You have the right to revoke your declaration of consent under data protection law at any time. The revocation of the consent does not affect the legality of the processing carried out on the basis of the consent up to the point of revocation.

i) Automated individual decision-making including profiling

You have the right not to be subject to a decision based solely on automated processing, including profiling, which produces legal effects concerning you or similarly significantly affects you. This does not apply if the decision

(1) is necessary for the conclusion or performance of a contract between you and the person responsible,

(2) is permitted by law of the Union or the Member States to which the person responsible is subject and this law contains appropriate measures to protect your rights and freedoms and your legitimate interests or

(3) with your express consent.
However, these decisions must not be based on special categories of personal data according to Article 9 Paragraph 1 GDPR, unless Article 9 Paragraph 2 lit. a or g GDPR applies and appropriate measures have been taken to protect your rights and freedoms and your legitimate interests .
With regard to the cases referred to in (1) and (3), the person responsible shall take appropriate measures to safeguard your rights and freedoms and your legitimate interests, including at least the right to obtain human intervention on the part of the person responsible, to express his or her point of view and to challenge the decision.

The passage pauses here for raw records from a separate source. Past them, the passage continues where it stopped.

lemma (in group) HGS_cyclic_transport:
  assumes K: "subgroup K G" and K': "subgroup K' G"
    and \<phi>: "bij_betw \<phi> (lcosets K) (lcosets K')"
    and equivariant: "\<And>h C. h \<in> carrier G \<Longrightarrow> C \<in> lcosets K \<Longrightarrow> \<phi> (h <# C) = h <# \<phi> C"
    and hgs: "HGS_cyclic G K"
  shows "HGS_cyclic G K'"
proof -
  let ?X = "lcosets K" and ?Y = "lcosets K'" and ?T = "transport_perm \<phi> (lcosets K) (lcosets K')"
  interpret hom: group_hom "BijGroup ?X" "BijGroup ?Y" ?T
    by (intro group_hom.intro group_hom_axioms.intro group_BijGroup transport_perm_hom[OF \<phi>])
  obtain N \<sigma> where reg: "regular_subgroup ?X N" and \<sigma>: "\<sigma> \<in> N" "N = generate (BijGroup ?X) {\<sigma>}"
    and normal: "\<And>g \<eta>. g \<in> carrier G \<Longrightarrow> \<eta> \<in> N \<Longrightarrow>
      lam G K g \<otimes>\<^bsub>BijGroup ?X\<^esub> \<eta> \<otimes>\<^bsub>BijGroup ?X\<^esub> inv\<^bsub>BijGroup ?X\<^esub> lam G K g \<in> N"
    using hgs unfolding HGS_cyclic_def cyclic_subgroup_def by blast
  have N: "N \<subseteq> carrier (BijGroup ?X)" using reg subgroup.subset by (auto simp: regular_subgroup_def)
  have T_lam: "?T (lam G K g) = lam G K' g" if g: "g \<in> carrier G" for g
  proof (rule Bij_eqI)
    show "?T (lam G K g) \<in> Bij ?Y" "lam G K' g \<in> Bij ?Y"
      using transport_perm_Bij[OF \<phi>] lam_carrier[OF K g] lam_carrier[OF K' g] by (simp_all add: BijGroup_def)
    fix D assume "D \<in> ?Y"
    then obtain C where C: "C \<in> ?X" "D = \<phi> C" using \<phi> by (auto simp: bij_betw_def)
    then show "?T (lam G K g) D = lam G K' g D"
      using transport_perm_apply[OF \<phi>] equivariant[OF g C(1)] lcos_in_lcosets[OF K g]
        bij_betw_apply[OF \<phi>] by (simp add: lam_apply)
  qed
  have "regular_subgroup ?Y (?T ` N)" using regular_subgroup_transport[OF \<phi> reg] .
  moreover have "?T ` N = generate (BijGroup ?Y) {?T \<sigma>}"
    using hom.generate_img[of "{\<sigma>}"] \<sigma> N by auto
  then have "cyclic_subgroup (BijGroup ?Y) (?T ` N)"
    unfolding cyclic_subgroup_def using \<sigma>(1) by blast
  moreover have "lam G K' g \<otimes>\<^bsub>BijGroup ?Y\<^esub> \<tau> \<otimes>\<^bsub>BijGroup ?Y\<^esub> inv\<^bsub>BijGroup ?Y\<^esub> lam G K' g \<in> ?T ` N"
    if g: "g \<in> carrier G" and \<tau>: "\<tau> \<in> ?T ` N" for g \<tau>
  proof -
    obtain \<eta> where \<eta>: "\<eta> \<in> N" "\<tau> = ?T \<eta>" using \<tau> by blast
    have "?T (lam G K g \<otimes>\<^bsub>BijGroup ?X\<^esub> \<eta> \<otimes>\<^bsub>BijGroup ?X\<^esub> inv\<^bsub>BijGroup ?X\<^esub> lam G K g)
        = lam G K' g \<otimes>\<^bsub>BijGroup ?Y\<^esub> \<tau> \<otimes>\<^bsub>BijGroup ?Y\<^esub> inv\<^bsub>BijGroup ?Y\<^esub> lam G K' g"
      using lam_carrier[OF K g] \<eta> N T_lam[OF g] by auto
    then show ?thesis using normal[OF g \<eta>(1)] by (metis imageI)
  qed
  ultimately show ?thesis unfolding HGS_cyclic_def by blast
qed

lemma (in group) HGS_cyclic_conj:
  assumes K: "subgroup K G" and g: "g \<in> carrier G" and hgs: "HGS_cyclic G K"
  shows "HGS_cyclic G (g <# K #> inv g)"
proof -
  let ?K' = "g <# K #> inv g"
  have KG: "K \<subseteq> carrier G" using subgroup.subset[OF K] .
  have K': "subgroup ?K' G" using subgroup_conjugation_is_surj2[OF g K] .
  have coset: "(a <# K) #> inv g = (a \<otimes> inv g) <# ?K'" if a: "a \<in> carrier G" for a
  proof -
    have "(a \<otimes> inv g) <# ?K' = ((a \<otimes> inv g) <# (g <# K)) #> inv g"
      using coset_assoc[OF _ inv_closed[OF g] l_coset_subset_G[OF KG g]] a g by simp
    also have "(a \<otimes> inv g) <# (g <# K) = (a \<otimes> inv g \<otimes> g) <# K"
      using lcos_m_assoc[OF KG _ g] a g by simp
    also have "a \<otimes> inv g \<otimes> g = a" using a g by (simp add: m_assoc)
    finally show ?thesis by simp
  qed
  have cancel: "C #> h #> inv h = C" if "C \<subseteq> carrier G" "h \<in> carrier G" for C h
    using coset_mult_assoc[OF that inv_closed[OF that(2)]] coset_mult_one[OF that(1)] that(2) by simp
  have \<phi>: "bij_betw (\<lambda>C. C #> inv g) (lcosets K) (lcosets ?K')"
  proof (rule bij_betw_byWitness[where f' = "\<lambda>D. D #> g"])
    show "\<forall>C\<in>lcosets K. C #> inv g #> g = C"
      using cancel[OF lcosets_subset[OF K] inv_closed[OF g]] g by (simp add: inv_inv)
    show "\<forall>D\<in>lcosets ?K'. D #> g #> inv g = D"
      using cancel[OF lcosets_subset[OF K'] g] by simp
    show "(\<lambda>C. C #> inv g) ` (lcosets K) \<subseteq> lcosets ?K'"
    proof
      fix D assume "D \<in> (\<lambda>C. C #> inv g) ` (lcosets K)"
      then obtain a where a: "a \<in> carrier G" "D = (a <# K) #> inv g" unfolding LCOSETS_def by blast
      then have "D = (a \<otimes> inv g) <# ?K'" using coset[OF a(1)] by simp
      moreover have "a \<otimes> inv g \<in> carrier G" using a(1) g by simp
      ultimately show "D \<in> lcosets ?K'" unfolding LCOSETS_def by blast
    qed
    show "(\<lambda>D. D #> g) ` (lcosets ?K') \<subseteq> lcosets K"
    proof
      fix C assume "C \<in> (\<lambda>D. D #> g) ` (lcosets ?K')"
      then obtain b where b: "b \<in> carrier G" "C = (b <# ?K') #> g" unfolding LCOSETS_def by blast
      have "b <# ?K' = ((b \<otimes> g) <# K) #> inv g" using coset[of "b \<otimes> g"] b g by (simp add: m_assoc)
      then have "C = (b \<otimes> g) <# K"
        using b cancel[of "(b \<otimes> g) <# K" "inv g"] l_coset_subset_G[OF KG] g by simp
      moreover have "b \<otimes> g \<in> carrier G" using b(1) g by simp
      ultimately show "C \<in> lcosets K" unfolding LCOSETS_def by blast
    qed
  qed
  have "(h <# C) #> inv g = h <# (C #> inv g)" if "h \<in> carrier G" "C \<in> lcosets K" for h C
    using coset_assoc[OF that(1) inv_closed[OF g] lcosets_subset[OF K that(2)]] by simp
  then show ?thesis using HGS_cyclic_transport[OF K K' \<phi> _ hgs] by blast
qed

section \<open>Conjugacy of the point stabilisers\<close>

context group
begin

lemma card_conj:
  assumes "g \<in> carrier G" "S \<subseteq> carrier G"
  shows "card (g <# S #> inv g) = card S"
proof -
  have "g <# S #> inv g = (\<lambda>s. g \<otimes> s \<otimes> inv g) ` S" using conj_mem_iff by blast
  moreover have "inj_on (\<lambda>s. g \<otimes> s \<otimes> inv g) S"
    using assms by (intro inj_onI) (simp add: subsetD)
  ultimately show ?thesis by (simp add: card_image)
qed

lemma eq_conj_if_subset_conj:
  assumes fin: "finite (carrier G)" and H: "subgroup H G" and g: "g \<in> carrier G"
    and sub: "K \<subseteq> g <# H #> inv g" and card: "card K = card H"
  shows "H = inv g <# K #> inv (inv g)"
proof -
  have HG: "H \<subseteq> carrier G" using subgroup.subset[OF H] .
  have "g <# H #> inv g \<subseteq> carrier G"
    using g HG by (simp add: l_coset_subset_G r_coset_subset_G)
  then have "K = g <# H #> inv g"
    using card_subset_eq[OF finite_subset[OF _ fin] sub] card card_conj[OF g HG] by simp
  then show ?thesis
    using subgroup_conjugation_is_surj0[OF inv_closed[OF g] HG] g by simp
qed

end

context coset_coordinates
begin

lemma coord_onto:
  assumes "b \<in> {0..<n}" shows "\<exists>g\<in>carrier G. \<kappa> (g <# K) = b"
proof -
  have "b \<in> \<kappa> ` (lcosets K)" using coord_bij assms by (simp add: bij_betw_def)
  then obtain C where "C \<in> lcosets K" "b = \<kappa> C" by blast
  then show ?thesis unfolding LCOSETS_def by blast
qed

lemma faithful_if_core_free:
  assumes core_free: "(\<Inter>g\<in>carrier G. g <# K #> inv g) = {\<one>}"
  shows "faithful_affine_rep G n A (\<lambda>g. \<kappa> (g <# K))"
proof (unfold_locales)
  fix w assume w: "w \<in> carrier G" "A w = 1" "\<kappa> (w <# K) = 0"
  have "w \<in> g <# K #> inv g" if g: "g \<in> carrier G" for g
  proof -
    have "w <# (g <# K) = g <# K"
      using lcos_fixed_iff_cong[OF w(1) lcos_K_in_lcosets[OF g]] w(2,3) by simp
    then show ?thesis using lcos_fixed_iff_conj[OF subgroup_K g w(1)] by simp
  qed
  then show "w = \<one>" using core_free by blast
qed

lemma subset_conj_if_common_fixed_point:
  assumes S: "S \<subseteq> carrier G" and fixed: "\<And>w. w \<in> S \<Longrightarrow> [A w * y + \<kappa> (w <# K) = y] (mod n)"
  obtains g where "g \<in> carrier G" "S \<subseteq> g <# K #> inv g"
proof -
  obtain g where g: "g \<in> carrier G" "\<kappa> (g <# K) = y mod n"
    using coord_onto[of "y mod n"] coord_modulus_gt_1 by auto
  have "S \<subseteq> g <# K #> inv g"
  proof
    fix w assume "w \<in> S"
    then have w: "w \<in> carrier G" using S by blast
    have g_y: "[\<kappa> (g <# K) = y] (mod n)" using g(2) by (simp add: cong_def)
    then have "[A w * \<kappa> (g <# K) + \<kappa> (w <# K) = A w * y + \<kappa> (w <# K)] (mod n)"
      by (intro cong_add cong_mult cong_refl)
    also have "[A w * y + \<kappa> (w <# K) = y] (mod n)" using fixed[OF \<open>w \<in> S\<close>] .
    also have "[y = \<kappa> (g <# K)] (mod n)" using g_y by (rule cong_sym)
    finally have "w <# (g <# K) = g <# K"
      using lcos_fixed_iff_cong[OF w lcos_K_in_lcosets[OF g(1)]] by simp
    then show "w \<in> g <# K #> inv g" using lcos_fixed_iff_conj[OF subgroup_K g(1) w] by simp
  qed
  then show ?thesis using that g(1) by blast
qed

j) Right to lodge a complaint with a supervisory authority

Without prejudice to any other administrative or judicial remedy, you have the right to lodge a complaint with a supervisory authority, in particular in the member state of your place of residence, your place of work or the place of the alleged infringement, if you believe that the processing of your personal data violates violates the GDPR.
The supervisory authority to which the complaint was lodged will inform the complainant about the status and the results of the complaint, including the possibility of a judicial remedy under Art. 78 GDPR.